====== EXERCISE MATERIAL

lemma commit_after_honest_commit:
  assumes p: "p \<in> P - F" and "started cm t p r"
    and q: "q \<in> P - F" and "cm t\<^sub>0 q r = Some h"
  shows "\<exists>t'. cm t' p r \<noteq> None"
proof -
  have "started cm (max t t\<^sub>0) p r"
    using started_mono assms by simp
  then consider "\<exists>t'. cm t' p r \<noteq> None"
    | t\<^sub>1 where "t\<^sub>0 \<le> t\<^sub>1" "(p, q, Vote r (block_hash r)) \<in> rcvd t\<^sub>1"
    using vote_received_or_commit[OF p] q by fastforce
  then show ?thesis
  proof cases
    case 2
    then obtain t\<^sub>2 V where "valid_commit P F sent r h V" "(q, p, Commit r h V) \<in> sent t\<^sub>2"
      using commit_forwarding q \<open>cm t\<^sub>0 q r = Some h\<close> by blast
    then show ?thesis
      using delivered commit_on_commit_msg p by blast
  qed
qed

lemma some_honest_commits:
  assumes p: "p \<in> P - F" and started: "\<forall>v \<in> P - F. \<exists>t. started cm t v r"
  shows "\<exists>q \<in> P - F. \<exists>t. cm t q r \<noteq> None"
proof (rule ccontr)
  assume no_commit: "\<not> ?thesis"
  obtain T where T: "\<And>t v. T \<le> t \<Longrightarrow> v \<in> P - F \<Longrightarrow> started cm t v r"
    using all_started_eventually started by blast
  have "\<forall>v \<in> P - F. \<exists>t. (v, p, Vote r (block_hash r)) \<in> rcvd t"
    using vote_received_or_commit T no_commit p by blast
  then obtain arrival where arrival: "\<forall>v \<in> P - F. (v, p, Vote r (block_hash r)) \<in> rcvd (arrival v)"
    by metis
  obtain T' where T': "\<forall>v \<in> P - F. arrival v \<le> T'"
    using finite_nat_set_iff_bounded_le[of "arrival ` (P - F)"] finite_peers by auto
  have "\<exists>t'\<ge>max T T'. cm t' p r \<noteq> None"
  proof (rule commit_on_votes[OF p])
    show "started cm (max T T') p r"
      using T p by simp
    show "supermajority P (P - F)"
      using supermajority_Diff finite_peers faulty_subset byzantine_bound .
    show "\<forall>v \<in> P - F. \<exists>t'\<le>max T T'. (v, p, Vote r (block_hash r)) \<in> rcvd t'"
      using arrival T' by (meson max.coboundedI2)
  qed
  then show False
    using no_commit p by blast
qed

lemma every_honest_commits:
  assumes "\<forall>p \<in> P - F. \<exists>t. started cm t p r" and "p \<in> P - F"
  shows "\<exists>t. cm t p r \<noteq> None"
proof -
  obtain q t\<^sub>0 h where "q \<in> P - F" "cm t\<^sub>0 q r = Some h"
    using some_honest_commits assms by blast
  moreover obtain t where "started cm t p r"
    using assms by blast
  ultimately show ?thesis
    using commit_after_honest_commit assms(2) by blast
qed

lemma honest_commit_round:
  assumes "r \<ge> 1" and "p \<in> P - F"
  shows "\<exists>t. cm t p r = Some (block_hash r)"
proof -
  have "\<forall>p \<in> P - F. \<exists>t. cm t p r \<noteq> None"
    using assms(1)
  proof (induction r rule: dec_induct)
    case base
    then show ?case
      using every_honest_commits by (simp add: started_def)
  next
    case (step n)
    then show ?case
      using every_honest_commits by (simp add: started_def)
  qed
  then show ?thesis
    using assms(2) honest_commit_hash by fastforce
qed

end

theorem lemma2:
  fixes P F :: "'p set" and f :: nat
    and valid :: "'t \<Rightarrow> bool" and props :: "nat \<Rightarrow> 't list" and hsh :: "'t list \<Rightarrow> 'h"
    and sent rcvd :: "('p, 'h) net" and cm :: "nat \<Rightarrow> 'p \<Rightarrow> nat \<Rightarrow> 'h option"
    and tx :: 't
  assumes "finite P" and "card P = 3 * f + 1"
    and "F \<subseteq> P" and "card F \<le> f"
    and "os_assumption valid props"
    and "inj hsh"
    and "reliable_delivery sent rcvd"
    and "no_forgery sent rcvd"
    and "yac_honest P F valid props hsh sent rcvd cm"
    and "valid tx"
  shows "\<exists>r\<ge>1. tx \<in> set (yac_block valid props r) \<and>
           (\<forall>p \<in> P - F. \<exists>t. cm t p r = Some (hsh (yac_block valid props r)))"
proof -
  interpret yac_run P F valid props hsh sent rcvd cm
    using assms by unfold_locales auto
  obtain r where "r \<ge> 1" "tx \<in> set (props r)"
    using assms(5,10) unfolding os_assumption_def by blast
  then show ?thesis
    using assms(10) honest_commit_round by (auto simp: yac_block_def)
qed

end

============
====== EXERCISE MATERIAL

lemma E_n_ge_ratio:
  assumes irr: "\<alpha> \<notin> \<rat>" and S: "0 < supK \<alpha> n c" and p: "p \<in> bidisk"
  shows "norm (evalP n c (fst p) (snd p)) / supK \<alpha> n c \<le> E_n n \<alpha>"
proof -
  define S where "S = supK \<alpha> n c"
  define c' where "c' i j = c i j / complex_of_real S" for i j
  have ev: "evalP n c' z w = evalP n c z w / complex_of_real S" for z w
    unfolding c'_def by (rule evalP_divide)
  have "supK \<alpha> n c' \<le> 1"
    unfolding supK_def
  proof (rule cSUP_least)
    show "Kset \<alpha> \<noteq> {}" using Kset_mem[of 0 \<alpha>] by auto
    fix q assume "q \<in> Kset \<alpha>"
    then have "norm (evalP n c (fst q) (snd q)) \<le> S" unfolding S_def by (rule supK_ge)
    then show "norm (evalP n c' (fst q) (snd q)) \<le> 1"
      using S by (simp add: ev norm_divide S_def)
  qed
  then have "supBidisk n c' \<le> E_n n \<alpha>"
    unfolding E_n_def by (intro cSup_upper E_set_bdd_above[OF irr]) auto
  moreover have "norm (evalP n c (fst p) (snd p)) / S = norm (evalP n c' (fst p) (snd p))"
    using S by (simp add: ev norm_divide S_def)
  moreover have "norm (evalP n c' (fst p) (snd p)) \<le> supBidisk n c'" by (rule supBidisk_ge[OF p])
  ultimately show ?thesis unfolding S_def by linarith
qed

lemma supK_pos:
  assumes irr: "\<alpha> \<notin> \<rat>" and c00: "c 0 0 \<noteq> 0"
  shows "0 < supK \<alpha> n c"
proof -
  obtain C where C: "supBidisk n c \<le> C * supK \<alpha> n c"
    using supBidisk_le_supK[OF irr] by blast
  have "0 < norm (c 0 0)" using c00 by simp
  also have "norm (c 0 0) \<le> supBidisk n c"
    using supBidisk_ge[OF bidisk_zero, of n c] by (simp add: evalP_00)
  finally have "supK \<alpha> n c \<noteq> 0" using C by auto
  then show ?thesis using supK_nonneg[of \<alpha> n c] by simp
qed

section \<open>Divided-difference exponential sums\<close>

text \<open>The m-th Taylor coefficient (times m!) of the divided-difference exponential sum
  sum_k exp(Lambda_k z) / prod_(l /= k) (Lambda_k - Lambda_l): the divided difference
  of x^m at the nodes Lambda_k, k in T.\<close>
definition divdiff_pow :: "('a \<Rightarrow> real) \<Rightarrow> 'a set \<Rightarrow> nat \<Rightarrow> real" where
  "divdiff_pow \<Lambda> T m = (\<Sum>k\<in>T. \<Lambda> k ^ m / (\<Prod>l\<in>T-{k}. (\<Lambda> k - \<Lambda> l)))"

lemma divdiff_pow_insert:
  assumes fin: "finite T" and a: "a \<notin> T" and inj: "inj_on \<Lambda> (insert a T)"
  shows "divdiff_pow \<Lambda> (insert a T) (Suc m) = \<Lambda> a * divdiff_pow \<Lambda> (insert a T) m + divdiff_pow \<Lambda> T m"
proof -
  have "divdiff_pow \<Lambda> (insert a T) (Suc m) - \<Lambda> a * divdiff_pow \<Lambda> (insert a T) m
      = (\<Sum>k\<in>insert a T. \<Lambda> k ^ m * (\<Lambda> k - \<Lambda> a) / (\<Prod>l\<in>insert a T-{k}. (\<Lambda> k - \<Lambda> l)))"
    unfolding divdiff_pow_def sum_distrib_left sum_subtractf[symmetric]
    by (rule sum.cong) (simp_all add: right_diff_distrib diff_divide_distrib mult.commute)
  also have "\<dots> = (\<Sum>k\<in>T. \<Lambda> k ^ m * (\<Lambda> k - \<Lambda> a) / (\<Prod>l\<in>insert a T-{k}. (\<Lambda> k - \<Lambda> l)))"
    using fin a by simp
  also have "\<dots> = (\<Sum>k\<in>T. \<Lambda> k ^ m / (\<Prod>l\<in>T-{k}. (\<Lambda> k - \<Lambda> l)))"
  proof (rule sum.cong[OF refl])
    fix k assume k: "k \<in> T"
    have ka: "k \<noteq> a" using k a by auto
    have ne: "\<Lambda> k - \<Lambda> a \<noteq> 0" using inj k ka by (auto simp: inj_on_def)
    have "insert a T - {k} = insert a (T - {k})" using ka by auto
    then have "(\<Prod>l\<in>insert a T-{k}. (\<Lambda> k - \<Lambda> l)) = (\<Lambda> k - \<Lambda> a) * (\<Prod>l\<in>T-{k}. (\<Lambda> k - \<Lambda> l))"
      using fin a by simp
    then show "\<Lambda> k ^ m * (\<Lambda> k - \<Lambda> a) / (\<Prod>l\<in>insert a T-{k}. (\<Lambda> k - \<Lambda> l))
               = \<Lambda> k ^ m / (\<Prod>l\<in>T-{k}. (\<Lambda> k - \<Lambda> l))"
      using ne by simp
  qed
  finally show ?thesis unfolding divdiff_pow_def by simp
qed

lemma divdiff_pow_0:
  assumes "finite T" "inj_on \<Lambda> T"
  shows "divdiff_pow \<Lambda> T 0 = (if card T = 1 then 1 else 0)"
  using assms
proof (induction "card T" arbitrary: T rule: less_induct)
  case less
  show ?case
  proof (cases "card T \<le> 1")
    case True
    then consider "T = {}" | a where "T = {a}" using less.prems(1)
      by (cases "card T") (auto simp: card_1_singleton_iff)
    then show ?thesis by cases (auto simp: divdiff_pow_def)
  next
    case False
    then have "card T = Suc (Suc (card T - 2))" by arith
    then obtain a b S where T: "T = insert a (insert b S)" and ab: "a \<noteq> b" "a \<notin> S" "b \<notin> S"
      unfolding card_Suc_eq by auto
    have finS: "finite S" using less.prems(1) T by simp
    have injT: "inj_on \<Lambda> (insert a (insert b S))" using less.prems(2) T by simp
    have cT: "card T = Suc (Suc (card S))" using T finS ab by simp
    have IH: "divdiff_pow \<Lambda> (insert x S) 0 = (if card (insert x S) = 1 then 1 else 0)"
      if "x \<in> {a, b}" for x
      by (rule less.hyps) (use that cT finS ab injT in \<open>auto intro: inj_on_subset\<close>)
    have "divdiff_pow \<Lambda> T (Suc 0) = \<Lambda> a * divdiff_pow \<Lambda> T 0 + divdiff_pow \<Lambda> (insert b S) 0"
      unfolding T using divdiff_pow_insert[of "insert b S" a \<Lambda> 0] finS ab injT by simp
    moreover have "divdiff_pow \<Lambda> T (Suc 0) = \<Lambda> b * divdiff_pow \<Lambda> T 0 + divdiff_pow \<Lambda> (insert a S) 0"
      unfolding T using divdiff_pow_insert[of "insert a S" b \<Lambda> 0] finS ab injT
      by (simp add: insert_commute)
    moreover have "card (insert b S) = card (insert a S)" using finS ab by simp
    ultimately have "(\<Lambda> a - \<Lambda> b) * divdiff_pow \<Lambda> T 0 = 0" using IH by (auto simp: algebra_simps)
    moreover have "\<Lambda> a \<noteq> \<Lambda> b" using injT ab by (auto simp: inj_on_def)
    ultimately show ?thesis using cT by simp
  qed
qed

============

**REQUIRED ACTION**
Beginning with the line above that contains "T rule: less_induct)", copy each line exactly up to and including the line that contains "less.prems(1) T by simp", and go no further.

**RESULT FOR THIS EXERCISE**
proof (induction "card T" arbitrary: T rule: less_induct)
  case less
  show ?case
  proof (cases "card T \<le> 1")
    case True
    then consider "T = {}" | a where "T = {a}" using less.prems(1)
      by (cases "card T") (auto simp: card_1_singleton_iff)
    then show ?thesis by cases (auto simp: divdiff_pow_def)
  next
    case False
    then have "card T = Suc (Suc (card T - 2))" by arith
    then obtain a b S where T: "T = insert a (insert b S)" and ab: "a \<noteq> b" "a \<notin> S" "b \<notin> S"
      unfolding card_Suc_eq by auto
    have finS: "finite S" using less.prems(1) T by simp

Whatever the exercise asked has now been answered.